(* Let $2\leq d\leq k$ be integers, $\Sigma_k=\{\sigma_1,\ldots,\sigma_k\}$, $\Sigma_d=\{\sigma_1,\ldots,\sigma_d\}$, $n\geq 1$, and let $\mathcal{G}\subseteq\Sigma_k^n$. Put $\mathcal{G}'=\mathcal{G}\cap\Sigma_d^n$. Suppose $\mathcal{G}$ is closed under replacing $\sigma_i$ by $\sigma_j$ for any $i>d$ and $j\in[k]$, i.e. whenever $g\in\mathcal{G}$ has the letter $\sigma_i$ with $i>d$ in some coordinate, the word obtained from $g$ by changing that coordinate to any letter $\sigma_j$, $j\in[k]$, also lies in $\mathcal{G}$. Then either $|\mathcal{G}|=|\mathcal{G}'|=0$ or $\log_k|\mathcal{G}|\leq\log_d|\mathcal{G}'|$. *)

theory Defs
  imports "HOL-Analysis.Analysis"
begin

text \<open>Letters: sigma_i is represented by the natural number i, so Sigma_k = {1..k}.
  Words of length n over Sigma_k: extensional functions on {..<n}.\<close>

definition words :: "nat \<Rightarrow> nat \<Rightarrow> (nat \<Rightarrow> nat) set" where
  "words k n = PiE {..<n} (\<lambda>_. {1..k})"

end

theory Submission
  imports Defs
begin

text \<open>Put \<open>a = log d k \<ge> 1\<close>, so that \<open>d powr a = k\<close>; we show \<open>|G| \<le> |G'| powr a\<close> by
  induction on the number of coordinates. Splitting \<open>G\<close> according to the letter in one
  coordinate gives slices \<open>G\<^sub>1, \<dots>, G\<^sub>k\<close>; the closure hypothesis makes every slice for a
  letter \<open>b > d\<close> contained in every other slice, so all of them are bounded by the smallest
  one, \<open>G\<^sub>d\<^sub>+\<^sub>1\<close>. With \<open>x\<^sub>b = |G\<^sub>b'|\<close> and \<open>m = x\<^sub>d\<^sub>+\<^sub>1 \<le> x\<^sub>b\<close> the induction hypothesis yields
  \<open>|G| \<le> \<Sum>\<^sub>b\<^sub>\<le>\<^sub>d x\<^sub>b powr a + (k - d) m powr a\<close>, and convexity of \<open>t \<mapsto> t powr a\<close> (its increments
  grow with the base point) bounds this by \<open>(\<Sum>\<^sub>b\<^sub>\<le>\<^sub>d x\<^sub>b) powr a = |G'| powr a\<close>.\<close>

lemma powr_mult_le_of_le_one:
  fixes s x p :: real
  assumes "0 \<le> s" "s \<le> 1" "0 \<le> x" "1 \<le> p"
  shows "(s * x) powr p \<le> s * x powr p"
proof -
  have "s powr p \<le> s powr 1"
    using assms by (intro powr_mono') auto
  then have "s powr p * x powr p \<le> s * x powr p"
    using assms by (auto intro: mult_right_mono)
  then show ?thesis
    using assms by (simp add: powr_mult)
qed

lemma powr_convex_nonneg:
  fixes p :: real
  assumes "1 \<le> p"
  shows "convex_on {0..} (\<lambda>x. x powr p)"
proof (rule convex_onI)
  fix t x y :: real
  assume t: "0 < t" "t < 1" and x: "x \<in> {0..}" and y: "y \<in> {0..}"
  consider "x = 0" | "y = 0" | "x > 0" "y > 0"
    using x y by fastforce
  then show "((1 - t) *\<^sub>R x + t *\<^sub>R y) powr p \<le> (1 - t) * x powr p + t * y powr p"
  proof cases
    case 1
    then show ?thesis using powr_mult_le_of_le_one[of t y p] t y assms by simp
  next
    case 2
    then show ?thesis using powr_mult_le_of_le_one[of "1 - t" x p] t x assms by simp
  next
    case 3
    then show ?thesis using convex_onD[OF powr_convex[OF assms], of t x y] t by simp
  qed
qed simp

lemma convex_on_increment_le:
  fixes f :: "real \<Rightarrow> real"
  assumes f: "convex_on {x..y + t} f" and "x \<le> y" "0 \<le> t"
  shows "f (x + t) - f x \<le> f (y + t) - f y"
proof (cases "y + t = x")
  case True
  then have "y = x" "t = 0" using assms by auto
  then show ?thesis by simp
next
  case False
  define slope where "slope = (f (y + t) - f x) / (y + t - x)"
  have "f (x + t) \<le> slope * t + f x" and "f y \<le> slope * (y - x) + f x"
    using convex_onD_Icc'[OF f, of "x + t"] convex_onD_Icc'[OF f, of y] assms
    unfolding slope_def by auto
  moreover have "slope * t + slope * (y - x) = slope * (y + t - x)"
    by (simp add: algebra_simps)
  moreover have "slope * (y + t - x) = f (y + t) - f x"
    using False unfolding slope_def by simp
  ultimately show ?thesis by linarith
qed

lemma convex_on_sum_increments_le:
  fixes f :: "real \<Rightarrow> real" and x :: "'a \<Rightarrow> real"
  assumes f: "convex_on {m..} f" and "finite A" "\<And>i. i \<in> A \<Longrightarrow> m \<le> x i" "m \<le> c"
  shows "(\<Sum>i\<in>A. f (x i) - f m) \<le> f (c + (\<Sum>i\<in>A. x i - m)) - f c"
  using assms(2-)
proof (induction A arbitrary: c rule: finite_induct)
  case empty
  then show ?case by simp
next
  case (insert b A)
  have "m \<le> x b"
    using insert.prems(1)[of b] by simp
  have "convex_on {m..c + (x b - m)} f"
    using convex_on_subset[OF f] by simp
  then have "f (x b) - f m \<le> f (c + (x b - m)) - f c"
    using convex_on_increment_le[of m c "x b - m" f] insert.prems(2) \<open>m \<le> x b\<close> by simp
  moreover have "(\<Sum>i\<in>A. f (x i) - f m)
      \<le> f ((c + (x b - m)) + (\<Sum>i\<in>A. x i - m)) - f (c + (x b - m))"
    using insert.prems(2) \<open>m \<le> x b\<close> by (intro insert.IH insert.prems(1)) auto
  ultimately show ?case
    using insert by (simp add: algebra_simps)
qed

lemma sum_le_powr_sum_of_dominated:
  fixes x y :: "nat \<Rightarrow> real" and a m :: real and d k :: nat
  assumes a: "1 \<le> a" "real d powr a = real k" and "1 \<le> d" "d \<le> k" "0 \<le> m"
    and low: "\<And>b. b \<in> {1..d} \<Longrightarrow> y b \<le> x b powr a" "\<And>b. b \<in> {1..d} \<Longrightarrow> m \<le> x b"
    and high: "\<And>b. b \<in> {d<..k} \<Longrightarrow> y b \<le> m powr a"
  shows "(\<Sum>b\<in>{1..k}. y b) \<le> (\<Sum>b\<in>{1..d}. x b) powr a"
proof -
  have "m \<le> real d * m"
    using \<open>1 \<le> d\<close> \<open>0 \<le> m\<close> by (simp add: mult_le_cancel_right1)
  then have "(\<Sum>b\<in>{1..d}. x b powr a - m powr a)
      \<le> (real d * m + (\<Sum>b\<in>{1..d}. x b - m)) powr a - (real d * m) powr a"
    using convex_on_subset[OF powr_convex_nonneg[OF a(1)], of "{m..}"] low \<open>0 \<le> m\<close>
    by (intro convex_on_sum_increments_le) auto
  moreover have "(real d * m) powr a = real k * m powr a"
    using a \<open>0 \<le> m\<close> by (simp add: powr_mult)
  ultimately have convexity:
      "(\<Sum>b\<in>{1..d}. x b powr a) + real (k - d) * m powr a \<le> (\<Sum>b\<in>{1..d}. x b) powr a"
    using \<open>d \<le> k\<close> by (simp add: sum_subtractf algebra_simps)
  have "{1..k} = {1..d} \<union> {d<..k}"
    using \<open>1 \<le> d\<close> \<open>d \<le> k\<close> by auto
  then have "(\<Sum>b\<in>{1..k}. y b) = (\<Sum>b\<in>{1..d}. y b) + (\<Sum>b\<in>{d<..k}. y b)"
    by (metis finite_atLeastAtMost finite_greaterThanAtMost ivl_disj_int_two(8) sum.union_disjoint)
  also have "\<dots> \<le> (\<Sum>b\<in>{1..d}. x b powr a) + (\<Sum>b\<in>{d<..k}. m powr a)"
    using low high by (intro add_mono sum_mono) auto
  also have "\<dots> = (\<Sum>b\<in>{1..d}. x b powr a) + real (k - d) * m powr a"
    by simp
  finally show ?thesis
    using convexity by linarith
qed

definition slice :: "('a \<Rightarrow> 'b) set \<Rightarrow> 'a set \<Rightarrow> 'a \<Rightarrow> 'b \<Rightarrow> ('a \<Rightarrow> 'b) set" where
  "slice G I p b = {h \<in> extensional I. h(p := b) \<in> G}"

lemma slice_subset_PiE:
  assumes "p \<notin> I" "G \<subseteq> PiE (insert p I) (\<lambda>_. S)"
  shows "slice G I p b \<subseteq> PiE I (\<lambda>_. S)"
proof
  fix h
  assume h: "h \<in> slice G I p b"
  then have "h(p := b) \<in> PiE (insert p I) (\<lambda>_. S)"
    using assms(2) by (auto simp: slice_def)
  then show "h \<in> PiE I (\<lambda>_. S)"
    using h assms(1) by (auto simp: slice_def PiE_iff) metis
qed

lemma bij_betw_slices:
  assumes "p \<notin> I" "G \<subseteq> PiE (insert p I) (\<lambda>_. S)"
  shows "bij_betw (\<lambda>g. (g p, restrict g I)) G (Sigma S (slice G I p))"
proof (rule bij_betw_byWitness[where f' = "\<lambda>(b, h). h(p := b)"])
  have restore: "(restrict g I)(p := g p) = g" if "g \<in> G" for g
    using that assms by (auto simp: PiE_iff extensional_def fun_eq_iff)
  then show "\<forall>g\<in>G. (case (g p, restrict g I) of (b, h) \<Rightarrow> h(p := b)) = g"
    by auto
  show "\<forall>bh\<in>Sigma S (slice G I p).
      ((case bh of (b, h) \<Rightarrow> h(p := b)) p, restrict (case bh of (b, h) \<Rightarrow> h(p := b)) I) = bh"
    using assms(1) by (auto simp: slice_def extensional_def restrict_def fun_eq_iff)
  show "(\<lambda>g. (g p, restrict g I)) ` G \<subseteq> Sigma S (slice G I p)"
    using restore assms by (fastforce simp: slice_def PiE_iff)
  show "(\<lambda>(b, h). h(p := b)) ` Sigma S (slice G I p) \<subseteq> G"
    by (auto simp: slice_def)
qed

lemma card_eq_sum_card_slice:
  assumes "p \<notin> I" "G \<subseteq> PiE (insert p I) (\<lambda>_. S)" "finite I" "finite S"
  shows "card G = (\<Sum>b\<in>S. card (slice G I p b))"
proof -
  have "finite (slice G I p b)" for b
    using slice_subset_PiE[OF assms(1,2)] assms(3,4) by (meson finite_PiE finite_subset)
  then show ?thesis
    using bij_betw_same_card[OF bij_betw_slices[OF assms(1,2)]] assms(4) by simp
qed

lemma slice_Int_PiE:
  assumes "p \<notin> I" "b \<in> T"
  shows "slice (G \<inter> PiE (insert p I) (\<lambda>_. T)) I p b = slice G I p b \<inter> PiE I (\<lambda>_. T)"
  using assms by (auto simp: slice_def PiE_iff extensional_def)

definition high_letter_closed :: "nat \<Rightarrow> nat \<Rightarrow> 'a set \<Rightarrow> ('a \<Rightarrow> nat) set \<Rightarrow> bool" where
  "high_letter_closed d k I G \<longleftrightarrow> (\<forall>g\<in>G. \<forall>p\<in>I. d < g p \<longrightarrow> (\<forall>j\<in>{1..k}. g(p := j) \<in> G))"

lemma high_letter_closed_slice:
  assumes "p \<notin> I" "high_letter_closed d k (insert p I) G"
  shows "high_letter_closed d k I (slice G I p b)"
  unfolding high_letter_closed_def
proof (intro ballI impI)
  fix h q j
  assume h: "h \<in> slice G I p b" and q: "q \<in> I" "d < h q" and j: "j \<in> {1..k}"
  have "q \<noteq> p"
    using q assms(1) by auto
  then have "(h(p := b))(q := j) \<in> G"
    using assms(2) h q j unfolding high_letter_closed_def slice_def by auto
  then show "h(q := j) \<in> slice G I p b"
    using h q \<open>q \<noteq> p\<close> by (auto simp: slice_def fun_upd_twist extensional_def)
qed

lemma slice_high_letter_subset:
  assumes "high_letter_closed d k (insert p I) G" "d < b" "c \<in> {1..k}"
  shows "slice G I p b \<subseteq> slice G I p c"
proof
  fix h
  assume "h \<in> slice G I p b"
  then have "h \<in> extensional I" "h(p := b) \<in> G"
    by (auto simp: slice_def)
  then have "(h(p := b))(p := c) \<in> G"
    using assms unfolding high_letter_closed_def by (metis fun_upd_same insertI1)
  then show "h \<in> slice G I p c"
    using \<open>h \<in> extensional I\<close> by (simp add: slice_def)
qed

lemma card_le_card_low_letters_powr:
  fixes d k :: nat and a :: real
  assumes a: "1 \<le> a" "real d powr a = real k" and dk: "1 \<le> d" "d \<le> k"
  shows "finite I \<Longrightarrow> G \<subseteq> PiE I (\<lambda>_. {1..k}) \<Longrightarrow> high_letter_closed d k I G \<Longrightarrow>
    real (card G) \<le> real (card (G \<inter> PiE I (\<lambda>_. {1..d}))) powr a"
proof (induction I arbitrary: G rule: finite_induct)
  case empty
  then have "G \<subseteq> {\<lambda>_. undefined}" by simp
  then have "G = {} \<or> G = {\<lambda>_. undefined}" by blast
  then show ?case by auto
next
  case (insert p I)
  let ?slice = "slice G I p"
  define x where "x b = real (card (?slice b \<inter> PiE I (\<lambda>_. {1..d})))" for b
  define m where "m = (if d < k then x (d + 1) else 0)"
    \<comment> \<open>if \<open>d = k\<close> there are no high letters and the value of \<open>m\<close> is irrelevant\<close>
  have slice_sub: "?slice b \<subseteq> PiE I (\<lambda>_. {1..k})" for b
    using slice_subset_PiE[OF insert(2,4)] .
  have fin_slice: "finite (?slice b)" for b
    using finite_subset[OF slice_sub finite_PiE] insert(1) by simp
  have slice_bound: "real (card (?slice b)) \<le> x b powr a" for b
    unfolding x_def using slice_sub high_letter_closed_slice[OF insert(2,5)]
    by (rule insert.IH)
  have "real (card G) = (\<Sum>b\<in>{1..k}. real (card (?slice b)))"
    using card_eq_sum_card_slice[OF insert(2,4,1)] by simp
  also have "\<dots> \<le> (\<Sum>b\<in>{1..d}. x b) powr a"
  proof (rule sum_le_powr_sum_of_dominated[OF a dk])
    show "0 \<le> m"
      by (simp add: m_def x_def)
  next
    fix b assume "b \<in> {1..d}"
    then show "m \<le> x b"
      using slice_high_letter_subset[OF insert(5), of "d + 1" b] fin_slice dk
      unfolding m_def x_def by (auto intro!: card_mono)
  next
    fix b assume b: "b \<in> {d<..k}"
    then have "card (?slice b) \<le> card (?slice (d + 1))"
      using slice_high_letter_subset[OF insert(5), of b "d + 1"] fin_slice dk
      by (auto intro!: card_mono)
    then show "real (card (?slice b)) \<le> m powr a"
      using slice_bound[of "d + 1"] b unfolding m_def by auto
  qed (rule slice_bound)
  also have "(\<Sum>b\<in>{1..d}. x b) = real (card (G \<inter> PiE (insert p I) (\<lambda>_. {1..d})))"
  proof -
    have "card (G \<inter> PiE (insert p I) (\<lambda>_. {1..d}))
        = (\<Sum>b\<in>{1..d}. card (slice (G \<inter> PiE (insert p I) (\<lambda>_. {1..d})) I p b))"
      using insert(1,2) by (intro card_eq_sum_card_slice) auto
    also have "\<dots> = (\<Sum>b\<in>{1..d}. card (?slice b \<inter> PiE I (\<lambda>_. {1..d})))"
      by (intro sum.cong refl) (simp add: slice_Int_PiE[OF insert(2)])
    finally show ?thesis
      by (simp add: x_def)
  qed
  finally show ?case .
qed

theorem lemma11:
  fixes d k n :: nat and G :: "(nat \<Rightarrow> nat) set"
  assumes "2 \<le> d" and "d \<le> k" and "1 \<le> n"
    and "G \<subseteq> words k n"
    and closed: "\<And>g p j. g \<in> G \<Longrightarrow> p < n \<Longrightarrow> g p > d \<Longrightarrow> j \<in> {1..k} \<Longrightarrow> g(p := j) \<in> G"
  shows "(card G = 0 \<and> card (G \<inter> words d n) = 0) \<or>
         (card (G \<inter> words d n) > 0 \<and>
          log (real k) (real (card G)) \<le> log (real d) (real (card (G \<inter> words d n))))"
proof -
  define a where "a = log d k"
  have a: "1 \<le> a" "real d powr a = real k"
    using assms(1,2) unfolding a_def by auto
  have "high_letter_closed d k {..<n} G"
    unfolding high_letter_closed_def using closed by simp
  then have bound: "real (card G) \<le> real (card (G \<inter> words d n)) powr a"
    using card_le_card_low_letters_powr[OF a, of "{..<n}" G] assms(1,2,4)
    unfolding words_def by simp
  have "finite G"
    using assms(4) unfolding words_def by (rule finite_subset) (simp add: finite_PiE)
  show ?thesis
  proof (cases "G = {}")
    case False
    then have "0 < real (card G)"
      using \<open>finite G\<close> by (simp add: card_gt_0_iff)
    then have pos: "card (G \<inter> words d n) > 0"
      using bound a(1) by (auto intro: gr0I)
    have "log k (card G) \<le> log k (real (card (G \<inter> words d n)) powr a)"
      using bound \<open>0 < real (card G)\<close> assms(1,2) by (intro log_mono) auto
    also have "\<dots> = log d (card (G \<inter> words d n))"
      using a(1) assms(1) by (simp flip: a(2) add: log_powr log_base_powr)
    finally show ?thesis
      using pos by simp
  qed simp
qed

end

+-------+

• _Work instruction_
Since only the total is wanted, work out how many lines of the data above contain "number" and state it alone.

• _Result below_
2